◆ TASK BRIEF
Your task is to copy each line of the records that includes the string "symmetric".

◆ STORED DATA
Content starts

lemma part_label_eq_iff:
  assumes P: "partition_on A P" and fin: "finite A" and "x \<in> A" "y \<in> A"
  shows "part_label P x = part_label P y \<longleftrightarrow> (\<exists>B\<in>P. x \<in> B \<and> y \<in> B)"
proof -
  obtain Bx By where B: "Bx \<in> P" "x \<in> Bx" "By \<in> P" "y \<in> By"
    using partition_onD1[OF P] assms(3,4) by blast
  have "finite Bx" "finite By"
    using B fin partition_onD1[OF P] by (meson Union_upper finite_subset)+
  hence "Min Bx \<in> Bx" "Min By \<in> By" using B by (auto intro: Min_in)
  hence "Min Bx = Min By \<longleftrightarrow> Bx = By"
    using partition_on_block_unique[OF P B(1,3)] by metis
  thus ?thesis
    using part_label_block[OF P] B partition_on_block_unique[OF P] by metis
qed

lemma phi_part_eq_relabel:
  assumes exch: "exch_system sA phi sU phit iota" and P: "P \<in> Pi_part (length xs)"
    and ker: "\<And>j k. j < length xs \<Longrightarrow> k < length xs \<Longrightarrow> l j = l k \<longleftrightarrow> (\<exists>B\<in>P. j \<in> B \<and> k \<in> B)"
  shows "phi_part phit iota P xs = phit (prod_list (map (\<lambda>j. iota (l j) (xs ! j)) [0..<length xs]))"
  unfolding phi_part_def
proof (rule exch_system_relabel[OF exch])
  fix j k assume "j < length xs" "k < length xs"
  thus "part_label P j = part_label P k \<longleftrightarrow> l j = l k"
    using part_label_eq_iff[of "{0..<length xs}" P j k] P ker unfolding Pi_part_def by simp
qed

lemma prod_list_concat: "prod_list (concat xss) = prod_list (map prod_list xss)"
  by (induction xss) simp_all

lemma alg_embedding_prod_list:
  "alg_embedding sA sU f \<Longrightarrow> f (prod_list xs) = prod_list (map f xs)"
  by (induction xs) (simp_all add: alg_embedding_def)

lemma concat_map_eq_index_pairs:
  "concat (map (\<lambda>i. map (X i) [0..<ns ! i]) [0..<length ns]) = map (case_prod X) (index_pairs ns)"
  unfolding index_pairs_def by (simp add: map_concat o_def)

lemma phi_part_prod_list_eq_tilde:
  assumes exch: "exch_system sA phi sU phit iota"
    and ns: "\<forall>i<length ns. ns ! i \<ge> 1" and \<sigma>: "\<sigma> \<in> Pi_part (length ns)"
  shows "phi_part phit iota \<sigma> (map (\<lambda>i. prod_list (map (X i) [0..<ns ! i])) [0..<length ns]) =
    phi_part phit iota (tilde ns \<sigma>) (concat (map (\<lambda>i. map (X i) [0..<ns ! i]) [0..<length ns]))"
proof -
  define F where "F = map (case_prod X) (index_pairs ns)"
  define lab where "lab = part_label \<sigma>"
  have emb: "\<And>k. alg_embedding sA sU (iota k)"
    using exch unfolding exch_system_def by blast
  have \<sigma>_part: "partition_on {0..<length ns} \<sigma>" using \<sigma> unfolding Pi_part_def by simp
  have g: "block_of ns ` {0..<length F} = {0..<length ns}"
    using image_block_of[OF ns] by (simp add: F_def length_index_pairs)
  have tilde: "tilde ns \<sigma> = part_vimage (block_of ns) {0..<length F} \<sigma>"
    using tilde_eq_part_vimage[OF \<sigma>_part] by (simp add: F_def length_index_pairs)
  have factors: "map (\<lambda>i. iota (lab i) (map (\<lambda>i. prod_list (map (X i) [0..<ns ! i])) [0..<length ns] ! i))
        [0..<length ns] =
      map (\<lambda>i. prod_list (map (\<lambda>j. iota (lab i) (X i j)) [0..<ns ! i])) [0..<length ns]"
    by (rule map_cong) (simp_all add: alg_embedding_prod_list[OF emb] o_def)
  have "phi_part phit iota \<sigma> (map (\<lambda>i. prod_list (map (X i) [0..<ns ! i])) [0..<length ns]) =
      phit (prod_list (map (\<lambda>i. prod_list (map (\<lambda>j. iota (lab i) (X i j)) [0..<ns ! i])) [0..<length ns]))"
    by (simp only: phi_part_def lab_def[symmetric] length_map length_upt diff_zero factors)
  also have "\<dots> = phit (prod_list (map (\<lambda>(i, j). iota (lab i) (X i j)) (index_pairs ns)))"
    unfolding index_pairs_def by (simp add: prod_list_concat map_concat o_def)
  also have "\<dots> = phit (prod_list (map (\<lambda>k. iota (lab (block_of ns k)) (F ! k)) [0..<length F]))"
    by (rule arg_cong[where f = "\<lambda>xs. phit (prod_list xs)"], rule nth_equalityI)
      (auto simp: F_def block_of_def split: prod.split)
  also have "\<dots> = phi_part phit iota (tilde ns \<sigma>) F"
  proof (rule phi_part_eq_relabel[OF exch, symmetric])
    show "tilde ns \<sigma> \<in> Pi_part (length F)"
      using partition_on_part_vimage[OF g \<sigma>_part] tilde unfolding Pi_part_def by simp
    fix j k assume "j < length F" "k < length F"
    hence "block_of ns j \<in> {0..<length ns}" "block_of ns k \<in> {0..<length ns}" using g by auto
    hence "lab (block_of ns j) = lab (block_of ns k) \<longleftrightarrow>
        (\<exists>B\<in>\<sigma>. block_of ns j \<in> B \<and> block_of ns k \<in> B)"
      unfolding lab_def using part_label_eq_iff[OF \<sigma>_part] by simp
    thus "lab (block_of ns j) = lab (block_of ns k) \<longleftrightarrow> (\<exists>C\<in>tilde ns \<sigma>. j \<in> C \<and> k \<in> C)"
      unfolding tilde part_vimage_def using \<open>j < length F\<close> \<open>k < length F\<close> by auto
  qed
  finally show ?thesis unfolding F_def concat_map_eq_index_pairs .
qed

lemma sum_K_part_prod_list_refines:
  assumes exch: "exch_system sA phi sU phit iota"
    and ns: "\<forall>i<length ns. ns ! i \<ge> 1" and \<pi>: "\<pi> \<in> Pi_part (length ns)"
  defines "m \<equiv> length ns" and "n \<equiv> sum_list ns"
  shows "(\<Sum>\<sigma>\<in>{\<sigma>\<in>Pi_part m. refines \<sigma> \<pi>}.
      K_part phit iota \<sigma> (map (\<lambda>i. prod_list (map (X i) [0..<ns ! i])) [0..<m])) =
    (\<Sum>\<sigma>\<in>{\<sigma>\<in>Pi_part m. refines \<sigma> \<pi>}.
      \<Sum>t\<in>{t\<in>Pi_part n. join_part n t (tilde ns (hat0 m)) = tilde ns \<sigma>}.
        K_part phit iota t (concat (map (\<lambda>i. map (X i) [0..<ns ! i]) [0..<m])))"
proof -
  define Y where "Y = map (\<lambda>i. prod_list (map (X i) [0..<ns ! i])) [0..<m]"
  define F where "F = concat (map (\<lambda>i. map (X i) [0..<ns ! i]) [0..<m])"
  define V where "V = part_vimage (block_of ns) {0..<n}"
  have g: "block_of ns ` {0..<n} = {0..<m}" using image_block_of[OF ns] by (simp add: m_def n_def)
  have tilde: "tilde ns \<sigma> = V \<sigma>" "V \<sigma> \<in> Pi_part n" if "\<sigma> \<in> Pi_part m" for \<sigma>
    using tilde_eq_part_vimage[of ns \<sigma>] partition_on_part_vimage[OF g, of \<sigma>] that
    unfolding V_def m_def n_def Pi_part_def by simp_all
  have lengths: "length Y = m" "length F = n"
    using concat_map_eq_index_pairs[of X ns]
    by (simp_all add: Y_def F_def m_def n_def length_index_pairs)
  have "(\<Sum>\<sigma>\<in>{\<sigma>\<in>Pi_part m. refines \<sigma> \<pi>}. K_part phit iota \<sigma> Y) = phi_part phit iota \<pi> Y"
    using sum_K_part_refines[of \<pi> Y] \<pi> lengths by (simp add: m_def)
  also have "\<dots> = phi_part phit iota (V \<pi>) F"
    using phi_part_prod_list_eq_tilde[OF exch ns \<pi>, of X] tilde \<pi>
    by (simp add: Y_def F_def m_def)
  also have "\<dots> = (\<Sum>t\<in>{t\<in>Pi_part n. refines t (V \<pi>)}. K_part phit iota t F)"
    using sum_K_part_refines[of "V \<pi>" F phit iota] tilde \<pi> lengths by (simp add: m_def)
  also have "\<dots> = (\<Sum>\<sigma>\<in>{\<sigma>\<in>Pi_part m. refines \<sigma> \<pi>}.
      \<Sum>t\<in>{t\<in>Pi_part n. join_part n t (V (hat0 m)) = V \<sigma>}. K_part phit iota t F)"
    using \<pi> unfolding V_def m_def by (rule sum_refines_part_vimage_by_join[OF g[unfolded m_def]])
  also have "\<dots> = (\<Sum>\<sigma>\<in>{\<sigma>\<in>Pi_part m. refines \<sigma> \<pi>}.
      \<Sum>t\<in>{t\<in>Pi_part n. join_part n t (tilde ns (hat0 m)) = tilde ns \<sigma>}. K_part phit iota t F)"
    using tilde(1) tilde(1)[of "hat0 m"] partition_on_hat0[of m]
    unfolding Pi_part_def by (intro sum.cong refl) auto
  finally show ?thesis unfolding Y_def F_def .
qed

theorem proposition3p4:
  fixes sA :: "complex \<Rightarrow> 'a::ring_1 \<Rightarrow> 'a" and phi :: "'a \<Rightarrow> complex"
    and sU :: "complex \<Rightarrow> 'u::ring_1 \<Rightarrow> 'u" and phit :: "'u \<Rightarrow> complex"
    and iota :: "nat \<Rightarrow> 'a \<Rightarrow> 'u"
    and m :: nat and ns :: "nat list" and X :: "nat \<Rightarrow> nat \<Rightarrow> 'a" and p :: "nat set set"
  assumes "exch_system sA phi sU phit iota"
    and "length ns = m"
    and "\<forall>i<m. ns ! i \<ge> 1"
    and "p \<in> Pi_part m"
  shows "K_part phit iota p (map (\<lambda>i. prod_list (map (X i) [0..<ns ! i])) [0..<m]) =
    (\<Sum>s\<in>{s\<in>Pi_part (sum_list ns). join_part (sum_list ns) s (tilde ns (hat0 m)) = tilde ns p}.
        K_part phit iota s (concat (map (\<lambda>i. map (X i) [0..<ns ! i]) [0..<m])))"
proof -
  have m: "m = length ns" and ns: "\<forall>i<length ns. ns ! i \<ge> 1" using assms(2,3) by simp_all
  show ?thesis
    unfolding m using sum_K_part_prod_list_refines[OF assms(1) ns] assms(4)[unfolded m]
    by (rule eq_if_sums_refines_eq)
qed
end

Content ends
Content starts

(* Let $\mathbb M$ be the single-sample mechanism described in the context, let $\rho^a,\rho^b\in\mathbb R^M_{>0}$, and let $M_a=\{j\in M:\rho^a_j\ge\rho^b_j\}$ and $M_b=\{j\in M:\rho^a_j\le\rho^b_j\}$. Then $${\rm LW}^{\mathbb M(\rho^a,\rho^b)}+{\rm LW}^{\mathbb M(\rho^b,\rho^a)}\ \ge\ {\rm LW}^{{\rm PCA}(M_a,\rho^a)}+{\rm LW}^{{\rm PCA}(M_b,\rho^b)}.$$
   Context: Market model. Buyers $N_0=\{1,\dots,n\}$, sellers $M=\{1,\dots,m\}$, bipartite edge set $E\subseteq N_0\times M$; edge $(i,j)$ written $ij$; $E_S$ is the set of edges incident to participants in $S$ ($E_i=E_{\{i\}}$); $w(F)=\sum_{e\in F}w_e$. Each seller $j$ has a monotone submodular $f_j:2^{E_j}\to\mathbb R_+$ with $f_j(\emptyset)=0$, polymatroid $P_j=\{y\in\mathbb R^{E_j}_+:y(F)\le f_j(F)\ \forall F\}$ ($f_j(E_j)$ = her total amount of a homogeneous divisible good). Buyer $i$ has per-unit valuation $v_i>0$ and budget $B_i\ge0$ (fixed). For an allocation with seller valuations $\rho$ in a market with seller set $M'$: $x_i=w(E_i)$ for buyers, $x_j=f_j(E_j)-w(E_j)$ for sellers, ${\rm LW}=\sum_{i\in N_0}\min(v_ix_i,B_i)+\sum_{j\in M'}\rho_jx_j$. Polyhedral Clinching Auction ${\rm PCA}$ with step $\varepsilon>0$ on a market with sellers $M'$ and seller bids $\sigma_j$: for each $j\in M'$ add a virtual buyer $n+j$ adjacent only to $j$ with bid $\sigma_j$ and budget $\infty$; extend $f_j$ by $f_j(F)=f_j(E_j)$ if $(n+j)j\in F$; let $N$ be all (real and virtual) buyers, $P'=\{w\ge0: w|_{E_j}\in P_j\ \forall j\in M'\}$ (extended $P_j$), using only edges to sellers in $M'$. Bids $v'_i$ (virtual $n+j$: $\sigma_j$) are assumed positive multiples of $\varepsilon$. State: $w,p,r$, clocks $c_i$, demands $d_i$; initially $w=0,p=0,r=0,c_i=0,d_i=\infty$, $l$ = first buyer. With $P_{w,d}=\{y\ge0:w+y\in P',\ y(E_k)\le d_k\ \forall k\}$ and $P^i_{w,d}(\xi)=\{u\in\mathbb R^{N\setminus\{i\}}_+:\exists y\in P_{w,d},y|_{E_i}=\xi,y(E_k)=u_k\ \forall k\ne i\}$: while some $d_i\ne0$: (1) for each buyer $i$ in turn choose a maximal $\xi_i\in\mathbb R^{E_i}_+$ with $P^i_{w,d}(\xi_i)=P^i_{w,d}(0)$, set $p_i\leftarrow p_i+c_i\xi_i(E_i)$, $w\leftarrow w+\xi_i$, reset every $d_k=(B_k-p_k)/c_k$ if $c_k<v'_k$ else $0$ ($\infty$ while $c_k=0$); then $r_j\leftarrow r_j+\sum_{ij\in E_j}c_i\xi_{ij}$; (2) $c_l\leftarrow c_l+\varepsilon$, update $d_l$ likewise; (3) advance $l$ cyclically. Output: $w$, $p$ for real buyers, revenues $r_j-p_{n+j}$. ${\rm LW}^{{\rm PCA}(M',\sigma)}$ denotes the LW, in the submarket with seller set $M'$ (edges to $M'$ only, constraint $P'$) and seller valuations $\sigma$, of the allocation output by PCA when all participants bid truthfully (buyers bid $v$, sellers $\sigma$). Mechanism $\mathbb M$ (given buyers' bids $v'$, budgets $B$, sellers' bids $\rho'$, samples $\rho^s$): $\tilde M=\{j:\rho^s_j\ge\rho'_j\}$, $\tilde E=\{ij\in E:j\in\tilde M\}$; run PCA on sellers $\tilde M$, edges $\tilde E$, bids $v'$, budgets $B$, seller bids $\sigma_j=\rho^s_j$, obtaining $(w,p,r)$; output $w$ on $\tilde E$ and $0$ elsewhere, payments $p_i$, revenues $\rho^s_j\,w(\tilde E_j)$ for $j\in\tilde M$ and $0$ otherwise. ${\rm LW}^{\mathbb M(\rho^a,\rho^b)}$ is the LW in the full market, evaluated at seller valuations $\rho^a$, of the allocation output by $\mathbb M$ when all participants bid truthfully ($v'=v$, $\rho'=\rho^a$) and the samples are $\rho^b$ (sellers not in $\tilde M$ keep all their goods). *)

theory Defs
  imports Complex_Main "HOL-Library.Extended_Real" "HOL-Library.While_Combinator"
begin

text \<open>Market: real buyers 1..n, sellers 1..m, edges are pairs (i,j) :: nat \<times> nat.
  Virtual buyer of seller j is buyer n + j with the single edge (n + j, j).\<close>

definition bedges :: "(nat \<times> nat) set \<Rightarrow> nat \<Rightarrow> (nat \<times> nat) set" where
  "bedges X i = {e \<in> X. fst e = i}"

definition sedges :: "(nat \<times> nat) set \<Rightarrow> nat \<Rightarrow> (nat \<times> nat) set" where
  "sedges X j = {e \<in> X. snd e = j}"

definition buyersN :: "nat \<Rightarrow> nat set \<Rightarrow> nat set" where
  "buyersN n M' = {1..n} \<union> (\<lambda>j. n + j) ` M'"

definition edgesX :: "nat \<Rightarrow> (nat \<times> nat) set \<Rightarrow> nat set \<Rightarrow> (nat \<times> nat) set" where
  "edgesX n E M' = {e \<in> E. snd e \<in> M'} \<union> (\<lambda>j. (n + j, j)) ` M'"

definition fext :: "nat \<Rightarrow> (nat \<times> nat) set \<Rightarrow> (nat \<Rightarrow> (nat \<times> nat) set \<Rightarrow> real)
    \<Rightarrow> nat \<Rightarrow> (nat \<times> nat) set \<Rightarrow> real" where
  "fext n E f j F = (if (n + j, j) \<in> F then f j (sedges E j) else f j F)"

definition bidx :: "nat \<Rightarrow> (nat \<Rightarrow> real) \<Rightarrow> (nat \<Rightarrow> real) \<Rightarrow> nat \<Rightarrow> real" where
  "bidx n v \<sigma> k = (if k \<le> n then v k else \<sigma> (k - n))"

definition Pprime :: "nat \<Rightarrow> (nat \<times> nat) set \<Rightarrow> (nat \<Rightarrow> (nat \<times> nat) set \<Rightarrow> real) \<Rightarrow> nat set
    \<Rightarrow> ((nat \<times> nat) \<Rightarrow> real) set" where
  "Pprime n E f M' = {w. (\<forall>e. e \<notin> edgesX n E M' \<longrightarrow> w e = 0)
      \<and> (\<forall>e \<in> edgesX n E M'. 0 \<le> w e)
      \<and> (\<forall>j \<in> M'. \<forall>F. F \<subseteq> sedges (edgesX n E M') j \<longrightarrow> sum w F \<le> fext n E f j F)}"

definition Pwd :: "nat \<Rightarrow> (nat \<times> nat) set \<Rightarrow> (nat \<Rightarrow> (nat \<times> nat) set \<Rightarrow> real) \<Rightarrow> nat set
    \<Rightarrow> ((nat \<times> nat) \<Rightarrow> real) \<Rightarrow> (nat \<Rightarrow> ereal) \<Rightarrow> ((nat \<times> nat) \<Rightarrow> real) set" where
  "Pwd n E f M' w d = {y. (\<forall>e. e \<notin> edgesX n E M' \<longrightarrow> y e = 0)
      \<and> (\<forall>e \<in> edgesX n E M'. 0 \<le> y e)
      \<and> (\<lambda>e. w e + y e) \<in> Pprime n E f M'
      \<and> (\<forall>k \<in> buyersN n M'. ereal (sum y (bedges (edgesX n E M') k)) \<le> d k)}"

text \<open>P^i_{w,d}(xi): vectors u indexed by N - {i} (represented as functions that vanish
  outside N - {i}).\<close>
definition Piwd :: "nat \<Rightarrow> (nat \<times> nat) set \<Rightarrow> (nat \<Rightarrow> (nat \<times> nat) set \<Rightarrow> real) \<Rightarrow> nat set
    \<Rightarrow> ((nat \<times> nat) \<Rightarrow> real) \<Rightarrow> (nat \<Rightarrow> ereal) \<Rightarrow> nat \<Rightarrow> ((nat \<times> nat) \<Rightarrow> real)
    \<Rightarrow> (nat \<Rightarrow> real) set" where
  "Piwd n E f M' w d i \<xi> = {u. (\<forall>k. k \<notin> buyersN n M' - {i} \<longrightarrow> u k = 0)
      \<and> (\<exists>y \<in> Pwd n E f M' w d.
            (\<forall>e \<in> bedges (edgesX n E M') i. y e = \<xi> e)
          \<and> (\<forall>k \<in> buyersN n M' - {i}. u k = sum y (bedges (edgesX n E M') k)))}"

Content ends

◆ TASK ANSWER
    by (simp only: phi_part_def lab_def[symmetric] length_map length_upt diff_zero factors)
  proof (rule phi_part_eq_relabel[OF exch, symmetric])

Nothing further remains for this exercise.